Tuesday, December 16, 2008

Cloud, old idea but a new innovation.

There has been a lot of internet discussion recently over whether the cloud is anything new, if you're confused hopefully the following will help clarify the situation. Before getting into the nitty gritty, let's clear up some terms.

From Jan Fagerberg's work, Innovation is the first-ish attempt to carry out an idea into practice. It is the embodiment, combination, or synthesis of knowledge in original, relevant or new products, processes or services.

I say first-ish as it is notoriously difficult to determine who was the first person (or group) to put an idea into practice. As Eliot Sivowitch once postulated, in his Law of Firsts;

“Whenever you prove who was first, the harder you look you will find someone else who was more first. And if you persist in your efforts you find that the person whom you thought was first was third.”

An idea is an image or a concept or an abstraction. As John Locke said “it being that term which, I think, serves best to stand for whatsoever is the object of understanding when a man thinks”.

Discovery or invention are processes that result in the generation of new concepts or postulated entities or devices. Both of these processes involve serendipity, questioning and the use of analogy.

So how about the cloud then?

The cloud simply represents the shift of the computing stack (from the applications we write to the hardware we use) from a product to a service based economy. This shift is in a transitional stage at the moment, so you're equally likely to hear about product-like internal clouds as much as service-like external clouds. Consumers and vendors will take time to get used to this change.

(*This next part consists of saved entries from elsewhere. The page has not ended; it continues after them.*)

(* Let $A$ be a symmetric binary $n\times n$ adjacency matrix and let $d$ be the shortest-path distance of the graph $A$. Let $W=(w_{ij})\in\mathbb R^{n\times n}$ satisfy (i) $\tau:=\sup_i\sum_j|w_{ij}|<1$, and (ii) $A_{ij}=0$ implies $w_{ij}=0$ for all $1\le i,j\le n$. Let $(U_i)_{i\ge1}$ be independent, centered random variables with $\sup_i\|U_i\|_4$ bounded by a constant, and let the noise vector $\epsilon$ follow the network autoregressive (NAR) model $$\epsilon_i=\sum_j w_{ij}\epsilon_j+U_i,\quad 1\le i\le n,$$ i.e. $\epsilon=(I-W)^{-1}U$. Then $\epsilon$ satisfies Assumption 2 (correlation decay, stated in the context) with respect to $d$ with $\rho=\tau^{1/2}$ (and a constant $c$ not depending on $n$).
   Context: For index sets $U,V\subset\{1,\dots,n\}$, $d(U,V)=\min_{i\in U,j\in V}d(i,j)$ and $d(i,U)=d(\{i\},U)$; for $U\subset\{1,\dots,n\}$, $S_U=\sum_{i\in U}\epsilon_i$. Assumption 2 (correlation decay): there are constants $\rho\in(0,1)$ and $c>0$ (independent of $n$) such that (a) $|\mathbb E(\epsilon_i\epsilon_j^\ell)|\le c\rho^{d(i,j)}$ for $\ell\in\{1,2\}$ and all $i,j$; (b) $|\mathrm{Cov}(\epsilon_i\epsilon_j,\epsilon_k\epsilon_l)|\le c\rho^{d(\{i,j\},\{k,l\})}$ for all $i,j,k,l$; (c) for every bounded function $h:\mathbb R\to\mathbb R$ with bounded derivative, every constant $t$, every index $i$ and every index set $U$, $|\mathrm{Cov}(\epsilon_i,h(tS_U))|\le c(1+|t||U|)\rho^{d(i,U)}$ (the constant $c$ here may depend on $\|h\|_\infty$ and $\|h'\|_\infty$). *)

theory Defs
  imports "HOL-Probability.Probability" "HOL-Library.Extended_Nat"
begin

definition is_walk :: "(nat \<Rightarrow> nat \<Rightarrow> bool) \<Rightarrow> nat \<Rightarrow> (nat \<Rightarrow> nat) \<Rightarrow> nat \<Rightarrow> nat \<Rightarrow> nat \<Rightarrow> bool" where
  "is_walk A n p k i j \<longleftrightarrow> p 0 = i \<and> p k = j \<and> (\<forall>m\<le>k. p m < n) \<and> (\<forall>m<k. A (p m) (p (Suc m)))"

text \<open>Shortest-path distance (infinite if no path exists).\<close>
definition gdist :: "(nat \<Rightarrow> nat \<Rightarrow> bool) \<Rightarrow> nat \<Rightarrow> nat \<Rightarrow> nat \<Rightarrow> enat" where
  "gdist A n i j = Inf {enat k | k. \<exists>p. is_walk A n p k i j}"

text \<open>Distance between index sets: minimum over pairs (infinite if a set is empty).\<close>
definition setdist :: "(nat \<Rightarrow> nat \<Rightarrow> enat) \<Rightarrow> nat set \<Rightarrow> nat set \<Rightarrow> enat" where
  "setdist d U V = Inf {d i j | i j. i \<in> U \<and> j \<in> V}"

text \<open>rho to the power of an extended natural; rho^\<infinity> = 0 (the limit for rho < 1).\<close>
definition epow :: "real \<Rightarrow> enat \<Rightarrow> real" where
  "epow \<rho> e = (case e of enat k \<Rightarrow> \<rho> ^ k | \<infinity> \<Rightarrow> 0)"

definition cov :: "'a measure \<Rightarrow> ('a \<Rightarrow> real) \<Rightarrow> ('a \<Rightarrow> real) \<Rightarrow> real" where
  "cov M X Y = prob_space.expectation M (\<lambda>x. X x * Y x)
               - prob_space.expectation M X * prob_space.expectation M Y"

text \<open>Assumption 2 (correlation decay) for eps_0..eps_{n-1} w.r.t. distance d, with constants
  rho and c; in part (c) the constant c is allowed to depend on the bounds Bh, Bh' for
  the sup norms of h and h'.\<close>
definition assumption2 ::
  "'a measure \<Rightarrow> nat \<Rightarrow> (nat \<Rightarrow> nat \<Rightarrow> enat) \<Rightarrow> (nat \<Rightarrow> 'a \<Rightarrow> real) \<Rightarrow> real \<Rightarrow> real \<Rightarrow> real \<Rightarrow> real \<Rightarrow> bool" where
  "assumption2 M n d \<epsilon> \<rho> c Bh Bh' \<longleftrightarrow>
     (\<forall>i<n. \<forall>j<n. \<forall>l\<in>{1::nat,2}.
        \<bar>prob_space.expectation M (\<lambda>x. \<epsilon> i x * \<epsilon> j x ^ l)\<bar> \<le> c * epow \<rho> (d i j)) \<and>
     (\<forall>i<n. \<forall>j<n. \<forall>k<n. \<forall>l<n.
        \<bar>cov M (\<lambda>x. \<epsilon> i x * \<epsilon> j x) (\<lambda>x. \<epsilon> k x * \<epsilon> l x)\<bar>
          \<le> c * epow \<rho> (setdist d {i, j} {k, l})) \<and>
     (\<forall>(h::real \<Rightarrow> real) h' t i V.
        (\<forall>x. \<bar>h x\<bar> \<le> Bh) \<longrightarrow> (\<forall>x. (h has_real_derivative h' x) (at x)) \<longrightarrow>
        (\<forall>x. \<bar>h' x\<bar> \<le> Bh') \<longrightarrow> i < n \<longrightarrow> V \<subseteq> {..<n} \<longrightarrow>
        \<bar>cov M (\<epsilon> i) (\<lambda>x. h (t * (\<Sum>k\<in>V. \<epsilon> k x)))\<bar>
          \<le> c * (1 + \<bar>t\<bar> * real (card V)) * epow \<rho> (setdist d {i} V))"

end

theory Submission
  imports Defs
begin

lemma gdist_le_walk: "is_walk A n p k i j \<Longrightarrow> gdist A n i j \<le> enat k"
  unfolding gdist_def by (rule Inf_lower) blast

lemma gdist_enatE:
  assumes "gdist A n i j = enat k"
  obtains p where "is_walk A n p k i j"
proof -
  let ?S = "{enat k | k. \<exists>p. is_walk A n p k i j}"
  have "?S \<noteq> {}"
  proof
    assume "?S = {}"
    with assms show False
      by (simp add: gdist_def top_enat_def)
  qed
  then obtain x where "x \<in> ?S"
    by blast
  then have "(LEAST x. x \<in> ?S) \<in> ?S"
    by (rule LeastI)
  with \<open>?S \<noteq> {}\<close> have "gdist A n i j \<in> ?S"
    by (simp add: gdist_def Inf_enat_def)
  then obtain k' p where "enat k = enat k'" "is_walk A n p k' i j"
    using assms by auto
  with that show thesis
    by simp
qed
(* Let $A=\mathcal{W}(H,\theta,z_0,z_1)$ be a triangular generalized Weyl algebra, and give $A$ the $\mathbb{Z}$-grading with $\deg u=1$, $\deg d=-1$, $\deg H=0$; let $A[m]$ denote its degree-$m$ component. Then for every $m\in\mathbb{Z}$, $A[m]$ is isomorphic to $H[du]$ as a left $H[du]$-module.
   Context: $\mathbb{F}$ is a field, $H$ a commutative $\mathbb{F}$-algebra, $\theta:H\to H$ an $\mathbb{F}$-algebra automorphism, $z_0\in H$, $z_1\in H^\times$, and $\mathcal{W}(H,\theta,z_0,z_1):=H\langle d,u\rangle/(uh=\theta(h)u,\ hd=d\theta(h),\ ud=z_0+dz_1u\ \forall h\in H)$. Here $H[du]$ denotes the subalgebra of $A$ generated by $H$ and $du$ (which commutes with $H$). *)

theory Defs
  imports Main
begin

text \<open>The field F is a type 'f :: field; the commutative F-algebra H is a type
'h :: comm_ring_1 together with its structure map iota : F -> H (a ring homomorphism).
H<d,u> is realised as the F-algebra freely generated by the symbols GH h (h in H), GD, GU,
modulo the relations making h |-> GH h an F-algebra homomorphism; together with the
defining relations of W this gives W(H,theta,z0,z1) as a quotient of the free algebra.\<close>

definition is_alg_map :: "('f::field \<Rightarrow> 'h::comm_ring_1) \<Rightarrow> bool" where
  "is_alg_map \<iota> \<longleftrightarrow> \<iota> 1 = 1 \<and> (\<forall>a b. \<iota> (a + b) = \<iota> a + \<iota> b) \<and> (\<forall>a b. \<iota> (a * b) = \<iota> a * \<iota> b)"

definition is_alg_automorphism :: "('f::field \<Rightarrow> 'h::comm_ring_1) \<Rightarrow> ('h \<Rightarrow> 'h) \<Rightarrow> bool" where
  "is_alg_automorphism \<iota> \<theta> \<longleftrightarrow> bij \<theta> \<and> \<theta> 1 = 1 \<and> (\<forall>a b. \<theta> (a + b) = \<theta> a + \<theta> b)
     \<and> (\<forall>a b. \<theta> (a * b) = \<theta> a * \<theta> b) \<and> (\<forall>c. \<theta> (\<iota> c) = \<iota> c)"

datatype 'h gsym = GH 'h | GD | GU

text \<open>Free F-algebra on the symbols: finitely supported functions from words to F.\<close>
type_synonym ('f, 'h) fa = "'h gsym list \<Rightarrow> 'f"

definition FA :: "('f::field, 'h) fa set" where
  "FA = {p. finite {w. p w \<noteq> 0}}"

definition fa_add :: "('f::field, 'h) fa \<Rightarrow> ('f, 'h) fa \<Rightarrow> ('f, 'h) fa" where
  "fa_add p q = (\<lambda>w. p w + q w)"

definition fa_diff :: "('f::field, 'h) fa \<Rightarrow> ('f, 'h) fa \<Rightarrow> ('f, 'h) fa" where
  "fa_diff p q = (\<lambda>w. p w - q w)"

definition fa_zero :: "('f::field, 'h) fa" where
  "fa_zero = (\<lambda>w. 0)"

definition fa_mult :: "('f::field, 'h) fa \<Rightarrow> ('f, 'h) fa \<Rightarrow> ('f, 'h) fa" where
  "fa_mult p q = (\<lambda>w. \<Sum>i\<le>length w. p (take i w) * q (drop i w))"

definition fa_scal :: "'f::field \<Rightarrow> ('f, 'h) fa" where
  "fa_scal c = (\<lambda>w. if w = [] then c else 0)"

definition fa_gen :: "'h gsym \<Rightarrow> ('f::field, 'h) fa" where
  "fa_gen s = (\<lambda>w. if w = [s] then 1 else 0)"

definition gwa_rels :: "('f::field \<Rightarrow> 'h::comm_ring_1) \<Rightarrow> ('h \<Rightarrow> 'h) \<Rightarrow> 'h \<Rightarrow> 'h \<Rightarrow> ('f, 'h) fa set" where
  "gwa_rels \<iota> \<theta> z0 z1 =
     {fa_diff (fa_gen (GH (a + b))) (fa_add (fa_gen (GH a)) (fa_gen (GH b))) | a b. True}
   \<union> {fa_diff (fa_gen (GH (a * b))) (fa_mult (fa_gen (GH a)) (fa_gen (GH b))) | a b. True}
   \<union> {fa_diff (fa_gen (GH (\<iota> c * a))) (fa_mult (fa_scal c) (fa_gen (GH a))) | c a. True}
   \<union> {fa_diff (fa_gen (GH 1)) (fa_scal 1)}
   \<union> {fa_diff (fa_mult (fa_gen GU) (fa_gen (GH h))) (fa_mult (fa_gen (GH (\<theta> h))) (fa_gen GU)) | h. True}
   \<union> {fa_diff (fa_mult (fa_gen (GH h)) (fa_gen GD)) (fa_mult (fa_gen GD) (fa_gen (GH (\<theta> h)))) | h. True}
   \<union> {fa_diff (fa_mult (fa_gen GU) (fa_gen GD))
        (fa_add (fa_gen (GH z0)) (fa_mult (fa_mult (fa_gen GD) (fa_gen (GH z1))) (fa_gen GU)))}"

inductive_set ideal_gen :: "('f::field, 'h) fa set \<Rightarrow> ('f, 'h) fa set" for R where
  base: "r \<in> R \<Longrightarrow> r \<in> ideal_gen R"
| zero: "fa_zero \<in> ideal_gen R"
| add: "x \<in> ideal_gen R \<Longrightarrow> y \<in> ideal_gen R \<Longrightarrow> fa_add x y \<in> ideal_gen R"
| lmult: "a \<in> FA \<Longrightarrow> x \<in> ideal_gen R \<Longrightarrow> fa_mult a x \<in> ideal_gen R"
| rmult: "a \<in> FA \<Longrightarrow> x \<in> ideal_gen R \<Longrightarrow> fa_mult x a \<in> ideal_gen R"

definition gwa_ideal where
  "gwa_ideal \<iota> \<theta> z0 z1 = ideal_gen (gwa_rels \<iota> \<theta> z0 z1)"

definition gwa_cls :: "('f::field \<Rightarrow> 'h::comm_ring_1) \<Rightarrow> ('h \<Rightarrow> 'h) \<Rightarrow> 'h \<Rightarrow> 'h \<Rightarrow> ('f, 'h) fa \<Rightarrow> ('f, 'h) fa set" where
  "gwa_cls \<iota> \<theta> z0 z1 x = {y \<in> FA. fa_diff y x \<in> gwa_ideal \<iota> \<theta> z0 z1}"

definition gwa_carrier where
  "gwa_carrier \<iota> \<theta> z0 z1 = gwa_cls \<iota> \<theta> z0 z1 ` FA"

definition gwa_rep :: "('f, 'h) fa set \<Rightarrow> ('f::field, 'h) fa" where
  "gwa_rep X = (SOME x. x \<in> X)"

definition gwa_add where
  "gwa_add \<iota> \<theta> z0 z1 X Y = gwa_cls \<iota> \<theta> z0 z1 (fa_add (gwa_rep X) (gwa_rep Y))"

definition gwa_mult where
  "gwa_mult \<iota> \<theta> z0 z1 X Y = gwa_cls \<iota> \<theta> z0 z1 (fa_mult (gwa_rep X) (gwa_rep Y))"

fun word_deg :: "'h gsym list \<Rightarrow> int" where
  "word_deg [] = 0"
| "word_deg (GU # w) = word_deg w + 1"
| "word_deg (GD # w) = word_deg w - 1"
| "word_deg (GH _ # w) = word_deg w"

definition fa_homog :: "int \<Rightarrow> ('f::field, 'h) fa set" where
  "fa_homog m = {p \<in> FA. \<forall>w. p w \<noteq> 0 \<longrightarrow> word_deg w = m}"
lemma luroth_expansion:
  assumes "0 < x" "x \<le> 1"
  shows "admissible (digit_prefix n x)"
    and "0 < (luroth_map ^^ n) x" "(luroth_map ^^ n) x \<le> 1"
    and "x = cyl_start (digit_prefix n x) + cyl_len (digit_prefix n x) * (luroth_map ^^ n) x"
proof -
  have "admissible (digit_prefix n x) \<and> 0 < (luroth_map ^^ n) x \<and> (luroth_map ^^ n) x \<le> 1 \<and>
    x = cyl_start (digit_prefix n x) + cyl_len (digit_prefix n x) * (luroth_map ^^ n) x"
    using assms
  proof (induction n arbitrary: x)
    case (Suc n)
    note step = luroth_step[OF Suc.prems]
    note IH = Suc.IH[OF step(2,3)]
    define a where "a = luroth_a1 x"
    define u where "u = digit_prefix n (luroth_map x)"
    define y where "y = (luroth_map ^^ n) (luroth_map x)"
    have "x = 1 / real_of_int a + luroth_map x / (real_of_int a * (real_of_int a - 1))"
      using step(4) by (simp add: a_def)
    also have "luroth_map x = cyl_start u + cyl_len u * y" using IH by (simp add: u_def y_def)
    finally have "x = cyl_start (a # u) + cyl_len (a # u) * y" by (simp add: add_divide_distrib)
    moreover have "digit_prefix (Suc n) x = a # u"
      by (simp add: digit_prefix_Suc a_def u_def)
    moreover have "(luroth_map ^^ Suc n) x = y"
      by (simp add: funpow_Suc_right y_def del: funpow.simps)
    moreover have "admissible (a # u)" "0 < y" "y \<le> 1"
      using IH step(1) by (simp_all add: a_def u_def y_def)
    ultimately show ?case by simp
  qed simp
  then show "admissible (digit_prefix n x)" "0 < (luroth_map ^^ n) x" "(luroth_map ^^ n) x \<le> 1"
    "x = cyl_start (digit_prefix n x) + cyl_len (digit_prefix n x) * (luroth_map ^^ n) x"
    by auto
qed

However, the provision of this computing stack is not something new. Today, the use of computing hardware is not an innovation and the ideas of providing computing hardware as commodity-like products (standard servers) or as commodity-like services (through network connected virtualised machines) are several decades old. However, whilst the ideas are old, isn't the act of putting this into practice a relatively recent (the last decade or so)?

Well yes, it is and that's the point where confusion reigns because whilst computing infrastructure is not new nor is the provision of an activity as a service, isn't the combination of the two new?

In reality this is simply the natural development of an activity from a product to a service based economy. It doesn't repeat the original innovation of computing infrastructure, in much the same way that "car hire" doesn't recreate the original innovation of the motor car. It's less of an innovation and more of an expected evolution.

Unfortunately we use the term innovation everywhere and whilst you might think this doesn't matter, it does. The methods by which you manage an activity vary with whether it's an innovation or more commodity-like and not with whether it has this new feature (often called product innovation) or operational improvement (often called service innovation).

So is the cloud new? In practice it is, in concept it isn't. Is it an innovation, not really but lots of people will call it so.

I mention this also, because a friend recently described me as a thought leader on cloud computing. This is completely untrue and it would be fraudulent for me to even imply that this was the case. I might have been publicly speaking about commoditisation of IT over the past four years but as far as I'm aware, the real thought leadership in this field occurred decades ago.